*** Exercise material ***

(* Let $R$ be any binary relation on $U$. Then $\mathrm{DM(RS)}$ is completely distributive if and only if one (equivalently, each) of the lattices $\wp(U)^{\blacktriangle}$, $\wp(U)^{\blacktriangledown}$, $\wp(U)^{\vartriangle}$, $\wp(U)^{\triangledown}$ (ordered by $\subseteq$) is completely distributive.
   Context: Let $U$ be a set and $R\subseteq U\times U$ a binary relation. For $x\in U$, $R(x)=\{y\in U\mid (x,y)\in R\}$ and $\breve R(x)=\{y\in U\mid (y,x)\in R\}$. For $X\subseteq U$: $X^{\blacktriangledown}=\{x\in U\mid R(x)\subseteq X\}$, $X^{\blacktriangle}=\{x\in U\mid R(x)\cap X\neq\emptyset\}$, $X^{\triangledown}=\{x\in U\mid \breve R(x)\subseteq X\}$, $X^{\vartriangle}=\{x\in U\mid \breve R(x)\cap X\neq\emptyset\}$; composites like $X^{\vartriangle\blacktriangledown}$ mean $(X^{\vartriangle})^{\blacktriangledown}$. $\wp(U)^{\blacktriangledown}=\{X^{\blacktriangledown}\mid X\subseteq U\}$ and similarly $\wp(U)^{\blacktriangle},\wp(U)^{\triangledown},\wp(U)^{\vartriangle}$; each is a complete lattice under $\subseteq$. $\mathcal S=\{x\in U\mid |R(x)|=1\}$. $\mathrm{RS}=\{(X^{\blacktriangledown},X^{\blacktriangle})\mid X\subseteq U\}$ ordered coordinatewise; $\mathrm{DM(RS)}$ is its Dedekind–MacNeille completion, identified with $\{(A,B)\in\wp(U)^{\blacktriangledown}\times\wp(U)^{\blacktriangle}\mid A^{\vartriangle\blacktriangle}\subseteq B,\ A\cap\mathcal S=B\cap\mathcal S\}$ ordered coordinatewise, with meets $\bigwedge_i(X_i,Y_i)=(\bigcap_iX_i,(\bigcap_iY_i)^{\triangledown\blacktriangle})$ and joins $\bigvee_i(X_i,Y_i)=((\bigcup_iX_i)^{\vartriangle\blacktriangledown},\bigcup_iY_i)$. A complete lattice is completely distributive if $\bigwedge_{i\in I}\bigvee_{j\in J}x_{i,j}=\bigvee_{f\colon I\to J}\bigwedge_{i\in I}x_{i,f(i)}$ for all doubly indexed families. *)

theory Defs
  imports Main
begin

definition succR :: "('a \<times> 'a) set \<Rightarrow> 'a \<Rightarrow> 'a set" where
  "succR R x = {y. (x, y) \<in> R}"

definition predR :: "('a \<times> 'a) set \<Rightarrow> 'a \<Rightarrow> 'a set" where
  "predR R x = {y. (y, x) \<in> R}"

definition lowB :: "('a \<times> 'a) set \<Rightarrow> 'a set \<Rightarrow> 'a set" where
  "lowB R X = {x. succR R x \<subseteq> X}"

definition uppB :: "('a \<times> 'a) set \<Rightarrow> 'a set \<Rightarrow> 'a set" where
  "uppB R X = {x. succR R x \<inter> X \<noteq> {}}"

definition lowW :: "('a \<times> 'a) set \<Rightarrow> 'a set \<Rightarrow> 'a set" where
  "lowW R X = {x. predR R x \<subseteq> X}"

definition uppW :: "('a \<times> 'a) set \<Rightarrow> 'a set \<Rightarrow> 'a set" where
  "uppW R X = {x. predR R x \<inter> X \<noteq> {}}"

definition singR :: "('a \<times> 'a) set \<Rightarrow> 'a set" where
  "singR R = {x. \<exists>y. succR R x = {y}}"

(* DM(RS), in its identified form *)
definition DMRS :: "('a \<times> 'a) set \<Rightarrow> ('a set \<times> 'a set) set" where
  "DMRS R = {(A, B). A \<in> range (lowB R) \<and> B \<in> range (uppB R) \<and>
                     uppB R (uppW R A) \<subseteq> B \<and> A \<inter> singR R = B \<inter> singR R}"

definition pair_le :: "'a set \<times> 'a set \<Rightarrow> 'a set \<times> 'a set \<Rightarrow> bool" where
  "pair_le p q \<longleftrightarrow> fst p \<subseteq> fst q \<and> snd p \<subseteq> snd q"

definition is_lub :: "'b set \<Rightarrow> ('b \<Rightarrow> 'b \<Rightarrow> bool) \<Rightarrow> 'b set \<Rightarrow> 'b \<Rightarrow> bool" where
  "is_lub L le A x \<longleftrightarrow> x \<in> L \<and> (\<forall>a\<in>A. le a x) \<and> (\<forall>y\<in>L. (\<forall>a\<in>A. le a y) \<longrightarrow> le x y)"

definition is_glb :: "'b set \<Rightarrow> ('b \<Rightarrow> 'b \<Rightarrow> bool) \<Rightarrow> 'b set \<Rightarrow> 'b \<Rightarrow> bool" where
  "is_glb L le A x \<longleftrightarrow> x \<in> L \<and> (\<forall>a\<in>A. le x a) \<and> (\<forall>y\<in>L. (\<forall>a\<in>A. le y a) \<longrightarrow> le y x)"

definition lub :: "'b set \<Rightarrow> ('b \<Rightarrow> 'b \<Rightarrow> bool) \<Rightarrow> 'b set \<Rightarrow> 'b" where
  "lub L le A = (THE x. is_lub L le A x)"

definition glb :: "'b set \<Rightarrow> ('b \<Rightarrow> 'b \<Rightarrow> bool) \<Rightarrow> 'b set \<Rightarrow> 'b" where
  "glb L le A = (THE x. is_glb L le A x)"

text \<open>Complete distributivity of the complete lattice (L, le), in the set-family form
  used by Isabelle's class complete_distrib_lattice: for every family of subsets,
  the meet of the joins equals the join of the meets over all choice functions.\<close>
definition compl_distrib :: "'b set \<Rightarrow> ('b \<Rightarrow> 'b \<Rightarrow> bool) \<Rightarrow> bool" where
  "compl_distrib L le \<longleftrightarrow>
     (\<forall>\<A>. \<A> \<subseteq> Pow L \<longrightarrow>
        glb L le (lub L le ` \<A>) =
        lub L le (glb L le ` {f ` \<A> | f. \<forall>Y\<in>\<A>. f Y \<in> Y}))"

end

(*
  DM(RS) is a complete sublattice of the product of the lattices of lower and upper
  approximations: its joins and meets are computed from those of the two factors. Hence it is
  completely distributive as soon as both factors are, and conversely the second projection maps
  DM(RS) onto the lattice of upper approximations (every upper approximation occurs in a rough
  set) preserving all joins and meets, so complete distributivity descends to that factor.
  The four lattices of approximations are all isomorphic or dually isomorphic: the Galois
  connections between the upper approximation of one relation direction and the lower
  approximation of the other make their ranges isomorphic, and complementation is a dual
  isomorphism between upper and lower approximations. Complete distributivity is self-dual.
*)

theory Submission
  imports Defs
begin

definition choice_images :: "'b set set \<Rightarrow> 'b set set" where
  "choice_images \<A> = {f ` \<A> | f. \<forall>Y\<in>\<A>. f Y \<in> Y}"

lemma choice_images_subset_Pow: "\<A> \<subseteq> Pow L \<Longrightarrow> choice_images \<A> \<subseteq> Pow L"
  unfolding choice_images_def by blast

*** End of Exercise material ***
*** Exercise material ***

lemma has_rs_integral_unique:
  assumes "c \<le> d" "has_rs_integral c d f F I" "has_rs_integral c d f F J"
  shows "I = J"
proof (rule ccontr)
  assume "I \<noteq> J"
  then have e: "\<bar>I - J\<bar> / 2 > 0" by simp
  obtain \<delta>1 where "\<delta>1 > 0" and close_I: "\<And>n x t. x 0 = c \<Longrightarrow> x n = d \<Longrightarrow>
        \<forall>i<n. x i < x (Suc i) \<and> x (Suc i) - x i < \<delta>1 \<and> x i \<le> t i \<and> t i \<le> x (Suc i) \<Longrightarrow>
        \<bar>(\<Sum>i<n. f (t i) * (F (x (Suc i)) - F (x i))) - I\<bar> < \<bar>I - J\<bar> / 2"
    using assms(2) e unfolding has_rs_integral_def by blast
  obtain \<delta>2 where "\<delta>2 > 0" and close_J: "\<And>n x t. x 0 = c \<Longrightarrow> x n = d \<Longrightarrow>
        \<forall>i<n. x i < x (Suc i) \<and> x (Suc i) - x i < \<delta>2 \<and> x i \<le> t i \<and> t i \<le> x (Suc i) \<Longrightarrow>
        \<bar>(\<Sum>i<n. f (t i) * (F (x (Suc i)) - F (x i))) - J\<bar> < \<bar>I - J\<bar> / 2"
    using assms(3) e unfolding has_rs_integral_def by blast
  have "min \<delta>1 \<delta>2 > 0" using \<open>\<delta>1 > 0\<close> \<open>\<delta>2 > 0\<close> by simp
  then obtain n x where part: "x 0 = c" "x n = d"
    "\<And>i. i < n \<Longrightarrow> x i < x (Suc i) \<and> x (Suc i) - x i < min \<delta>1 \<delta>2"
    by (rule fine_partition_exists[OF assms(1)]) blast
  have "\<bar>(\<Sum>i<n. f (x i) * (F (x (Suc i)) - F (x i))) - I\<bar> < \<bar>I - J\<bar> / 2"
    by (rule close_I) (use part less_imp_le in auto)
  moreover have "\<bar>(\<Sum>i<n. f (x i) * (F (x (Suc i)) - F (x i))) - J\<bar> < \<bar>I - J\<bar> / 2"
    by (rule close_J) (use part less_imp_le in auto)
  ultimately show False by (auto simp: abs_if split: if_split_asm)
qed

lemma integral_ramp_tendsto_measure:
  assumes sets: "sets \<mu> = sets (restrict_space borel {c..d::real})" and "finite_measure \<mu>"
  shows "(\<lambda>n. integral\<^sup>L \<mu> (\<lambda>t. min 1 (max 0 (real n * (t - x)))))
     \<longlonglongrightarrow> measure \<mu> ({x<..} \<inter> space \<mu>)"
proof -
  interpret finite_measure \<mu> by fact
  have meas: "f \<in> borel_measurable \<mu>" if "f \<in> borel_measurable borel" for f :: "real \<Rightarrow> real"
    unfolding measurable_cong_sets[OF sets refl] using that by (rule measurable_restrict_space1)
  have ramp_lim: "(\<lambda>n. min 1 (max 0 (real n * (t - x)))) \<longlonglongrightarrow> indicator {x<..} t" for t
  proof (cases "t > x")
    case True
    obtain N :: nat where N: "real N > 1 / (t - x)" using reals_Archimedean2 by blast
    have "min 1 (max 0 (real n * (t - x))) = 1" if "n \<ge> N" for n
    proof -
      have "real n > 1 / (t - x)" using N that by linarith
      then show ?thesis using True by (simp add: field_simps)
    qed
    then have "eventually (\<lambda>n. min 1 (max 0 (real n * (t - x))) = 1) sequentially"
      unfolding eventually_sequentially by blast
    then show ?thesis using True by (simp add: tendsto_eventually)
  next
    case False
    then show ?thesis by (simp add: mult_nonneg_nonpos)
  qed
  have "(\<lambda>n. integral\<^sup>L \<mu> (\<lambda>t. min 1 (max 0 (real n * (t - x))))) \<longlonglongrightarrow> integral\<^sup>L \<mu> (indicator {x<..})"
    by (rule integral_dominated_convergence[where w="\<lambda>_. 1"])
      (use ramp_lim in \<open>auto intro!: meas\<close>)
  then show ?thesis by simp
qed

*** End of Exercise material ***

Take the lines above from the one containing "The four lattices" to the one containing "unfolding choice_images_def by blast" and retype them exactly, both ends included, with nothing added.

  The four lattices of approximations are all isomorphic or dually isomorphic: the Galois
  connections between the upper approximation of one relation direction and the lower
  approximation of the other make their ranges isomorphic, and complementation is a dual
  isomorphism between upper and lower approximations. Complete distributivity is self-dual.
*)

theory Submission
  imports Defs
begin

definition choice_images :: "'b set set \<Rightarrow> 'b set set" where
  "choice_images \<A> = {f ` \<A> | f. \<forall>Y\<in>\<A>. f Y \<in> Y}"

lemma choice_images_subset_Pow: "\<A> \<subseteq> Pow L \<Longrightarrow> choice_images \<A> \<subseteq> Pow L"
  unfolding choice_images_def by blast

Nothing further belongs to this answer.